= Saved entries =
○ ○ ○
(* Let $k\in\mathbb{R}$, $a_1>0$, $c>0$ and $\gamma\ge 1$ be fixed, with $k\neq 0$ and $c^2/\gamma\neq k^2a_1^2$, and let $c_T(k)$ denote a fixed (possibly complex) square root of $c^2/\gamma-k^2a_1^2$. For $Pr>0$ consider $$P(X)= X^{3} + 2\,i\,k\,a_1 \left( 1+\frac{3\,\gamma}{4\,Pr} \right)X^{2} - \left(c^{2} + \frac{3\,\gamma}{Pr}a_1^2\,k^2\right)X - i\,\frac{3\,k\,a_1\,c^2}{2\,Pr}.$$ Then, for small $Pr>0$, the three roots $\xi^{(-)}_{Pr},\xi^{(0)}_{Pr},\xi^{(+)}_{Pr}$ of $P$ satisfy, as $Pr\to0$, $$\xi_{Pr}^{(\mp)}=-ik\,a_1\mp c_T(k)\pm\frac{(\gamma-1)\,c^2\,(k\,a_1\mp i\,c_T(k))}{3\,\gamma^2\,k\,a_1\,c_T(k)}\,Pr+\mathcal{O}(Pr^2),$$ $$\xi_{Pr}^{(0)}=i\,\frac{3\,k\,a_1\,\gamma}{2\,Pr}+\mathcal{O}(Pr),$$ where $\xi^{(\mp)}_{Pr}$ are smooth in $Pr$ near $0$ with $\xi^{(\mp)}_0=-ika_1\mp c_T(k)$.
   Context: $P$ is the dispersion polynomial of the linearized 1D compressible Navier–Stokes equations, with $a_1=2\mu/(3\rho)$, $c$ the adiabatic sound speed, $\gamma=C_p/C_v$ and $Pr$ the Prandtl number. In the formula for $\xi^{(\mp)}_{Pr}$, the upper signs give $\xi^{(-)}_{Pr}$ and the lower signs give $\xi^{(+)}_{Pr}$. *)

theory Defs
  imports "HOL-Analysis.Analysis" "HOL-Library.Landau_Symbols"
begin

definition dispP :: "real \<Rightarrow> real \<Rightarrow> real \<Rightarrow> real \<Rightarrow> real \<Rightarrow> complex poly" where
  "dispP a1 c \<gamma> k Pr =
     [: - \<i> * complex_of_real (3 * k * a1 * c^2 / (2 * Pr)),
        - complex_of_real (c^2 + 3 * \<gamma> / Pr * a1^2 * k^2),
        2 * \<i> * complex_of_real (k * a1 * (1 + 3 * \<gamma> / (4 * Pr))),
        1 :]"

definition nth_vderiv :: "nat \<Rightarrow> (real \<Rightarrow> 'a::real_normed_vector) \<Rightarrow> real \<Rightarrow> 'a" where
  "nth_vderiv n f = ((\<lambda>g t. vector_derivative g (at t)) ^^ n) f"

definition smooth_on :: "real set \<Rightarrow> (real \<Rightarrow> 'a::real_normed_vector) \<Rightarrow> bool" where
  "smooth_on S f \<longleftrightarrow> open S \<and> (\<forall>n. nth_vderiv n f differentiable_on S)"

end

theory Submission
  imports Defs "HOL-Complex_Analysis.Complex_Analysis"
begin

(* Multiplied by Pr, the equation P(X) = 0 becomes Pr R(X) + S(X) = 0 with
   R(X) = X^3 + 2 i k a1 X^2 - c^2 X and
   S(X) = (3 gamma/2) i k a1 (X^2 + 2 i k a1 X - c^2/gamma),
   whose roots X0 = -i k a1 -+ cT are simple. Where R(X0) does not vanish, the equation
   near X0 reads -S(X)/R(X) = Pr, so the holomorphic inverse function theorem gives a
   root branch that is holomorphic in Pr, with slope -R(X0)/S'(X0); this slope is the
   first-order coefficient of the statement. For gamma = 1, R and S share the root X0 and
   the branch is constant. Restricted to real Pr the branches are smooth, and Taylor's
   formula gives the O(Pr^2) remainders. The third root is then determined by the sum
   of the roots, which picks up the 1/Pr term of the X^2 coefficient. *)

lemma has_vector_derivative_higher_deriv_of_real:
  fixes G :: "complex \<Rightarrow> complex"
  assumes "G holomorphic_on S" "open S" "of_real t \<in> S"
  shows "((\<lambda>s. (deriv ^^ n) G (of_real s)) has_vector_derivative (deriv ^^ Suc n) G (of_real t)) (at t)"
proof -
  have "(deriv ^^ n) G holomorphic_on S"
    using assms(1,2) by (rule holomorphic_higher_deriv)
  then have "((deriv ^^ n) G has_field_derivative (deriv ^^ Suc n) G (of_real t)) (at (of_real t))"
    using assms(2,3) by (simp add: holomorphic_derivI)
  then show ?thesis
    by (rule has_vector_derivative_real_field)
qed

lemma nth_vderiv_holomorphic_of_real:
  fixes G :: "complex \<Rightarrow> complex"
  assumes "G holomorphic_on S" "open S" "open T" "\<And>s. s \<in> T \<Longrightarrow> of_real s \<in> S" "t \<in> T"
  shows "nth_vderiv n (\<lambda>s. G (of_real s)) t = (deriv ^^ n) G (of_real t)"
  using assms(5)
proof (induction n arbitrary: t)
  case 0
  then show ?case by (simp add: nth_vderiv_def)
next
  case (Suc n)
  have "(nth_vderiv n (\<lambda>s. G (of_real s)) has_vector_derivative (deriv ^^ Suc n) G (of_real t)) (at t)"
    using has_vector_derivative_higher_deriv_of_real[OF assms(1,2,4), of t n]
    by (rule has_vector_derivative_transform_within_open) (use Suc assms(3) in auto)
  then show ?case
    by (simp add: nth_vderiv_def vector_derivative_at)
qed

lemma smooth_on_holomorphic_of_real:
  fixes G :: "complex \<Rightarrow> complex"
  assumes "G holomorphic_on S" "open S" "open T" "\<And>s. s \<in> T \<Longrightarrow> of_real s \<in> S"
  shows "smooth_on T (\<lambda>s. G (of_real s))"
  unfolding smooth_on_def differentiable_on_def
proof (intro conjI allI ballI)
  fix n t assume "t \<in> T"
  have "(nth_vderiv n (\<lambda>s. G (of_real s)) has_vector_derivative (deriv ^^ Suc n) G (of_real t)) (at t)"
    using has_vector_derivative_higher_deriv_of_real[OF assms(1,2,4), of t n]
    by (rule has_vector_derivative_transform_within_open)
       (use \<open>t \<in> T\<close> assms nth_vderiv_holomorphic_of_real[OF assms] in auto)
  then show "nth_vderiv n (\<lambda>s. G (of_real s)) differentiable at t within T"
    using differentiableI_vector differentiable_at_withinI by blast
qed fact

lemma holomorphic_taylor1_bigo:
  fixes G :: "complex \<Rightarrow> complex"
  assumes "G holomorphic_on S" "open S" "x \<in> S"
  shows "(\<lambda>z. G z - G x - deriv G x * (z - x)) \<in> O[at x](\<lambda>z. (z - x)^2)"
proof -
  define H where "H z = (if z = x then deriv G x else (G z - G x) / (z - x))" for z
  have "H holomorphic_on S"
    unfolding H_def using assms(1,2) by (rule pole_lemma_open)
  then have "(H has_field_derivative deriv H x) (at x)"
    using assms(2,3) by (simp add: holomorphic_derivI)
  then have "((\<lambda>z. (H z - H x) / (z - x)) \<longlongrightarrow> deriv H x) (at x)"
    by (simp add: has_field_derivative_iff)
  moreover have "\<forall>\<^sub>F z in at x. (H z - H x) / (z - x) = (G z - G x - deriv G x * (z - x)) / (z - x)^2"
    by (auto simp: eventually_at_filter H_def field_simps power2_eq_square)
  ultimately have "((\<lambda>z. (G z - G x - deriv G x * (z - x)) / (z - x)^2) \<longlongrightarrow> deriv H x) (at x)"
    using tendsto_cong by fastforce
  then show ?thesis
    by (rule bigoI_tendsto) (simp add: eventually_at_filter)
qed

lemma bigo_at_right_of_real:
  fixes f g :: "complex \<Rightarrow> 'a :: real_normed_field"
  assumes "f \<in> O[at 0](g)"
  shows "(\<lambda>t::real. f (of_real t)) \<in> O[at_right 0](\<lambda>t. g (of_real t))"
proof -
  have "filterlim complex_of_real (at 0) (at_right 0)"
  proof (rule filterlim_atI)
    show "(complex_of_real \<longlongrightarrow> 0) (at_right 0)"
      by (rule tendsto_of_real[OF tendsto_ident_at, where a = 0, simplified])
    show "\<forall>\<^sub>F t in at_right 0. complex_of_real t \<noteq> 0"
      using eventually_at_right_less[of "0::real"] by (rule eventually_mono) simp
  qed
  then show ?thesis
    by (rule landau_o.big.compose[OF assms])
qed

lemma field_differentiable_bigo:
  fixes G :: "'a :: real_normed_field \<Rightarrow> 'a"
  assumes "G field_differentiable at x"
  shows "(\<lambda>z. G z - G x) \<in> O[at x](\<lambda>z. z - x)"
proof -
  obtain D where "(G has_field_derivative D) (at x)"
    using assms by (auto simp: field_differentiable_def)
  then have "((\<lambda>z. (G z - G x) / (z - x)) \<longlongrightarrow> D) (at x)"
    by (simp add: has_field_derivative_iff)
  then show ?thesis
    by (rule bigoI_tendsto) (simp add: eventually_at_filter)
qed

lemma holomorphic_expansion_at_right_of_real:
  fixes G :: "complex \<Rightarrow> complex"
  assumes "G holomorphic_on ball 0 e" "e > 0"
  shows "(\<lambda>t. G (of_real t) - (G 0 + deriv G 0 * of_real t)) \<in> O[at_right 0](\<lambda>t. of_real (t^2))"
    and "(\<lambda>t. G (of_real t) - G 0) \<in> O[at_right 0](\<lambda>t. of_real t)"
proof -
  show "(\<lambda>t. G (of_real t) - (G 0 + deriv G 0 * of_real t)) \<in> O[at_right 0](\<lambda>t. of_real (t^2))"
    using bigo_at_right_of_real[OF holomorphic_taylor1_bigo[OF assms(1) open_ball]] assms(2)
    by (simp add: diff_diff_eq)
  have "G field_differentiable at 0"
    using assms(2) by (intro holomorphic_on_imp_differentiable_at[OF assms(1)]) auto
  then show "(\<lambda>t. G (of_real t) - G 0) \<in> O[at_right 0](\<lambda>t. of_real t)"
    using bigo_at_right_of_real[OF field_differentiable_bigo] by simp
qed

lemma holomorphic_local_inverse:
  fixes F :: "complex \<Rightarrow> complex"
  assumes holF: "F holomorphic_on S" and "open S" "X0 \<in> S" and dF: "deriv F X0 \<noteq> 0"
  obtains e G where "e > 0" "G holomorphic_on ball (F X0) e" "G (F X0) = X0"
    "\<And>w. w \<in> ball (F X0) e \<Longrightarrow> G w \<in> S \<and> F (G w) = w"
    "deriv G (F X0) = inverse (deriv F X0)"
proof -
  obtain r where r: "r > 0" "ball X0 r \<subseteq> S" "open (F ` ball X0 r)" "inj_on F (ball X0 r)"
    using has_complex_derivative_locally_invertible[OF holF \<open>X0 \<in> S\<close> \<open>open S\<close> dF] .
  obtain G where G: "G holomorphic_on F ` ball X0 r"
    "\<And>z. z \<in> ball X0 r \<Longrightarrow> deriv F z * deriv G (F z) = 1"
    "\<And>z. z \<in> ball X0 r \<Longrightarrow> G (F z) = z"
    using holomorphic_has_inverse[OF holomorphic_on_subset[OF holF r(2)] open_ball r(4)] by metis
  have "F X0 \<in> F ` ball X0 r"
    using r(1) by simp
  then obtain e where e: "e > 0" "ball (F X0) e \<subseteq> F ` ball X0 r"
    using r(3) open_contains_ball by blast
  show ?thesis
  proof
    show "G holomorphic_on ball (F X0) e"
      using G(1) e(2) by (rule holomorphic_on_subset)
    show "G (F X0) = X0" "deriv G (F X0) = inverse (deriv F X0)"
      using G(2,3)[of X0] r(1) dF by (auto simp: field_simps)
    show "G w \<in> S \<and> F (G w) = w" if w: "w \<in> ball (F X0) e" for w
    proof -
      obtain z where "z \<in> ball X0 r" "w = F z"
        using w e(2) by blast
      then show ?thesis
        using G(3) r(2) by auto
    qed
  qed fact
qed

lemma linear_pencil_root_branch:
  fixes R S :: "complex \<Rightarrow> complex"
  assumes holR: "R holomorphic_on U" and holS: "S holomorphic_on U" and "open U" "X0 \<in> U"
    and S0: "S X0 = 0" and R0: "R X0 \<noteq> 0" and dS: "deriv S X0 \<noteq> 0"
  obtains e G where "e > 0" "G holomorphic_on ball 0 e" "G 0 = X0"
    "deriv G 0 = - R X0 / deriv S X0"
    "\<And>p. p \<in> ball 0 e \<Longrightarrow> G p \<in> U \<and> p * R (G p) + S (G p) = 0"
proof -
  define V where "V = U \<inter> R -` (- {0})"
  define F where "F X = - (S X / R X)" for X
  have "open V"
    unfolding V_def using holR \<open>open U\<close>
    by (intro continuous_open_preimage holomorphic_on_imp_continuous_on) auto
  have "X0 \<in> V"
    using \<open>X0 \<in> U\<close> R0 by (simp add: V_def)
  have holF: "F holomorphic_on V"
    unfolding F_def V_def
    by (intro holomorphic_intros holomorphic_on_subset[OF holR] holomorphic_on_subset[OF holS]) auto
  have "(R has_field_derivative deriv R X0) (at X0)" "(S has_field_derivative deriv S X0) (at X0)"
    using holR holS \<open>open U\<close> \<open>X0 \<in> U\<close> by (auto intro: holomorphic_derivI)
  then have "(F has_field_derivative
      - ((deriv S X0 * R X0 - S X0 * deriv R X0) / (R X0 * R X0))) (at X0)"
    unfolding F_def using R0 by (intro DERIV_minus DERIV_divide)
  then have dF: "deriv F X0 = - deriv S X0 / R X0"
    using S0 by (simp add: DERIV_imp_deriv)
  have F0: "F X0 = 0"
    using S0 by (simp add: F_def)
  obtain e G where "e > 0" "G holomorphic_on ball 0 e" "G 0 = X0"
      and inv: "\<And>w. w \<in> ball 0 e \<Longrightarrow> G w \<in> V \<and> F (G w) = w"
      and "deriv G 0 = inverse (deriv F X0)"
    using holomorphic_local_inverse[OF holF \<open>open V\<close> \<open>X0 \<in> V\<close>] dF dS R0 F0 by auto
  show ?thesis
  proof
    show "deriv G 0 = - R X0 / deriv S X0"
      using \<open>deriv G 0 = inverse (deriv F X0)\<close> dF by simp
    show "G p \<in> U \<and> p * R (G p) + S (G p) = 0" if "p \<in> ball 0 e" for p
      using inv[OF that] by (auto simp: V_def F_def field_simps add_eq_0_iff)
  qed fact+
qed

lemma monic_cubic_factor_two_roots:
  fixes x y z :: "'a :: idom"
  assumes "x \<noteq> y" and "poly [:q0, q1, q2, 1:] x = 0" and "poly [:q0, q1, q2, 1:] y = 0"
  shows "poly [:q0, q1, q2, 1:] z = (z - x) * (z - (- q2 - x - y)) * (z - y)"
proof -
  have "(x - y) * (q1 + (x^2 + x*y + y^2 + q2*(x + y))) =
      poly [:q0, q1, q2, 1:] x - poly [:q0, q1, q2, 1:] y"
    by (simp add: algebra_simps power2_eq_square)
  also have "\<dots> = 0"
    by (simp only: assms(2,3) diff_zero)
  finally have "q1 + (x^2 + x*y + y^2 + q2*(x + y)) = 0"
    using assms(1) by simp
  then have q1: "q1 = - (x^2 + x*y + y^2 + q2*(x + y))"
    by (simp only: eq_neg_iff_add_eq_0)
  have q0: "q0 = - (x^3 + q2*x^2 + q1*x)"
    using assms(2) by (simp add: eq_neg_iff_add_eq_0 algebra_simps power2_eq_square power3_eq_cube)
  show ?thesis
    unfolding q0 q1 by (simp add: algebra_simps power2_eq_square power3_eq_cube)
qed

definition dispR :: "real \<Rightarrow> real \<Rightarrow> real \<Rightarrow> complex \<Rightarrow> complex" where
  "dispR a1 c k X = X^3 + 2 * \<i> * of_real (k * a1) * X^2 - of_real (c^2) * X"

definition dispS :: "real \<Rightarrow> real \<Rightarrow> real \<Rightarrow> real \<Rightarrow> complex \<Rightarrow> complex" where
  "dispS a1 c \<gamma> k X = of_real (3 * \<gamma> / 2) * \<i> * of_real (k * a1) *
     (X^2 + 2 * \<i> * of_real (k * a1) * X - of_real (c^2 / \<gamma>))"

lemma dispP_scaled:
  assumes "p \<noteq> 0" "\<gamma> \<noteq> 0"
  shows "of_real p * poly (dispP a1 c \<gamma> k p) X = of_real p * dispR a1 c k X + dispS a1 c \<gamma> k X"
  using assms by (simp add: dispP_def dispR_def dispS_def field_simps power2_eq_square power3_eq_cube)

lemma holomorphic_dispR: "dispR a1 c k holomorphic_on U"
  unfolding dispR_def by (intro holomorphic_intros)

lemma holomorphic_dispS: "dispS a1 c \<gamma> k holomorphic_on U"
  unfolding dispS_def by (intro holomorphic_intros)
lemma finite_incr_tuples: "finite (incr_tuples N r)"
proof (rule finite_subset)
  show "incr_tuples N r \<subseteq> {xs. set xs \<subseteq> {1..N} \<and> length xs = r}"
    by (auto simp: incr_tuples_def)
qed (simp add: finite_lists_length_eq)

lemma sorted_wrt_less_take_drop_Suc:
  assumes "sorted_wrt (<) (xs :: 'a::linorder list)"
  shows "sorted_wrt (<) (take i xs @ drop (Suc i) xs)"
proof -
  have "\<forall>x\<in>set (take i xs). \<forall>y\<in>set (drop i xs). x < y"
    using assms sorted_wrt_append[of "(<)" "take i xs" "drop i xs"] by simp
  moreover have "set (drop (Suc i) xs) \<subseteq> set (drop i xs)"
    by (simp add: set_drop_subset_set_drop)
  ultimately show ?thesis
    using sorted_wrt_take[OF assms, of i] sorted_wrt_drop[OF assms, of "Suc i"]
    by (auto simp: sorted_wrt_append)
qed

lemma take_drop_Suc_upt_eq_filter:
  assumes "t < k"
  shows "take t [1..<k+1] @ drop (Suc t) [1..<k+1] = filter (\<lambda>i. i \<noteq> t + 1) [1..<k+1]"
proof -
  have split: "[1..<k+1] = [1..<t+1] @ (t + 1) # [t+2..<k+1]"
    using assms upt_add_eq_append[of 1 "t+1" "k - t"] by (simp add: upt_conv_Cons)
  have "filter (\<lambda>i. i \<noteq> t + 1) [1..<t+1] = [1..<t+1]"
    and "filter (\<lambda>i. i \<noteq> t + 1) [t+2..<k+1] = [t+2..<k+1]"
    by (auto simp: filter_id_conv)
  then show ?thesis
    unfolding split by (simp del: upt_Suc)
qed
definition morse_predecomposition ::
  "('a::topological_space \<Rightarrow> real \<Rightarrow> 'a) \<Rightarrow> 'a set \<Rightarrow> 'p set \<Rightarrow> ('p \<Rightarrow> 'a set) \<Rightarrow> bool" where
  "morse_predecomposition \<phi> S P M \<longleftrightarrow>
     mutually_disjoint P M
     \<and> (\<forall>p\<in>P. closed (M p) \<and> invariant \<phi> (M p) \<and> M p \<subseteq> S)
     \<and> (\<forall>\<gamma>. full_solution_in \<phi> S \<gamma> \<longrightarrow> (\<exists>p\<in>P. \<exists>q\<in>P. is_link_in \<phi> S \<gamma> (M p) (M q)))"

definition wades_plus :: "(real \<Rightarrow> 'a) \<Rightarrow> 'a set \<Rightarrow> bool" where
  "wades_plus \<gamma> N \<longleftrightarrow> (\<exists>tm tp :: nat \<Rightarrow> real.
     filterlim tm at_top sequentially \<and> filterlim (\<lambda>n. tp n - tm n) at_top sequentially
     \<and> (\<forall>n. \<gamma> ` {tm n..tp n} \<subseteq> N))"

definition wades_minus :: "(real \<Rightarrow> 'a) \<Rightarrow> 'a set \<Rightarrow> bool" where
  "wades_minus \<gamma> N \<longleftrightarrow> (\<exists>tm tp :: nat \<Rightarrow> real.
     filterlim tp at_bot sequentially \<and> filterlim (\<lambda>n. tp n - tm n) at_top sequentially
     \<and> (\<forall>n. \<gamma> ` {tm n..tp n} \<subseteq> N))"

end

theory Submission
  imports Defs
begin

text \<open>
  If \<open>\<gamma>\<close> wades through a compact set \<open>N\<close> in plus infinity, the midpoints of the
  ever longer wading intervals have a limit point \<open>y \<in> \<omega>(\<gamma>)\<close> whose whole orbit stays
  in \<open>N\<close>, so \<open>y \<in> Inv N\<close>. Conversely, if \<open>\<omega>(\<gamma>)\<close> meets \<open>Inv N\<close> and \<open>Inv N\<close> lies in
  the interior of \<open>N\<close> relative to \<open>S\<close>, continuity of the flow (tube lemma) shows that
  \<open>\<gamma>\<close> returns arbitrarily late so close to that orbit that it follows it inside \<open>N\<close>
  for any prescribed time. Hence for isolating neighbourhoods \<open>N\<^sub>p\<close> with
  \<open>Inv N\<^sub>p = M\<^sub>p\<close>, wading through \<open>N\<^sub>p\<close> in plus infinity is the same as \<open>\<omega>(\<gamma>)\<close> meeting
  \<open>M\<^sub>p\<close>; minus infinity is the same statement for the time-reversed flow. For
  (i) \<open>\<Longrightarrow>\<close> (ii) the given isolating neighbourhoods are made disjoint by intersecting
  them with closed \<open>\<delta>/3\<close>-neighbourhoods of the \<open>M\<^sub>p\<close>, where \<open>\<delta>\<close> separates the finitely
  many compact sets \<open>M\<^sub>p\<close>.
\<close>

lemma flow_add: "is_flow \<phi> \<Longrightarrow> \<phi> (\<phi> x s) t = \<phi> x (s + t)"
  by (simp add: is_flow_def)

lemma continuous_on_flow: "is_flow \<phi> \<Longrightarrow> continuous_on UNIV (\<lambda>(x, t). \<phi> x t)"
  by (simp add: is_flow_def)

lemma continuous_on_flow_at_time:
  assumes "is_flow \<phi>"
  shows "continuous_on UNIV (\<lambda>x. \<phi> x t)"
  using continuous_on_compose2[OF continuous_on_flow[OF assms], of UNIV "\<lambda>x. (x, t)"]
  by (simp add: continuous_on_Pair)

lemma Inv_subset: "Inv \<phi> N \<subseteq> N"
  by (auto simp: Inv_def)

lemma Inv_mono: "A \<subseteq> B \<Longrightarrow> Inv \<phi> A \<subseteq> Inv \<phi> B"
  by (auto simp: Inv_def)

lemma flow_in_Inv:
  assumes "is_flow \<phi>" "x \<in> Inv \<phi> N"
  shows "\<phi> x t \<in> Inv \<phi> N"
  using assms by (auto simp: Inv_def flow_add)

lemma invariant_Inv: "is_flow \<phi> \<Longrightarrow> invariant \<phi> (Inv \<phi> N)"
  unfolding invariant_def using flow_in_Inv[of \<phi> _ N] Inv_subset[of \<phi>]
  by (auto simp: Inv_def[of _ "Inv \<phi> N"])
○ ○ ○
= Aim of the exercise =
Return only the lines between the one holding "e \<Longrightarrow> G p" and the one holding "fixes x y z", inclusive, exactly as they appear above.

= Task solution =
    "\<And>p. p \<in> ball 0 e \<Longrightarrow> G p \<in> U \<and> p * R (G p) + S (G p) = 0"
proof -
  define V where "V = U \<inter> R -` (- {0})"
  define F where "F X = - (S X / R X)" for X
  have "open V"
    unfolding V_def using holR \<open>open U\<close>
    by (intro continuous_open_preimage holomorphic_on_imp_continuous_on) auto
  have "X0 \<in> V"
    using \<open>X0 \<in> U\<close> R0 by (simp add: V_def)
  have holF: "F holomorphic_on V"
    unfolding F_def V_def
    by (intro holomorphic_intros holomorphic_on_subset[OF holR] holomorphic_on_subset[OF holS]) auto
  have "(R has_field_derivative deriv R X0) (at X0)" "(S has_field_derivative deriv S X0) (at X0)"
    using holR holS \<open>open U\<close> \<open>X0 \<in> U\<close> by (auto intro: holomorphic_derivI)
  then have "(F has_field_derivative
      - ((deriv S X0 * R X0 - S X0 * deriv R X0) / (R X0 * R X0))) (at X0)"
    unfolding F_def using R0 by (intro DERIV_minus DERIV_divide)
  then have dF: "deriv F X0 = - deriv S X0 / R X0"
    using S0 by (simp add: DERIV_imp_deriv)
  have F0: "F X0 = 0"
    using S0 by (simp add: F_def)
  obtain e G where "e > 0" "G holomorphic_on ball 0 e" "G 0 = X0"
      and inv: "\<And>w. w \<in> ball 0 e \<Longrightarrow> G w \<in> V \<and> F (G w) = w"
      and "deriv G 0 = inverse (deriv F X0)"
    using holomorphic_local_inverse[OF holF \<open>open V\<close> \<open>X0 \<in> V\<close>] dF dS R0 F0 by auto
  show ?thesis
  proof
    show "deriv G 0 = - R X0 / deriv S X0"
      using \<open>deriv G 0 = inverse (deriv F X0)\<close> dF by simp
    show "G p \<in> U \<and> p * R (G p) + S (G p) = 0" if "p \<in> ball 0 e" for p
      using inv[OF that] by (auto simp: V_def F_def field_simps add_eq_0_iff)
  qed fact+
qed

lemma monic_cubic_factor_two_roots:
  fixes x y z :: "'a :: idom"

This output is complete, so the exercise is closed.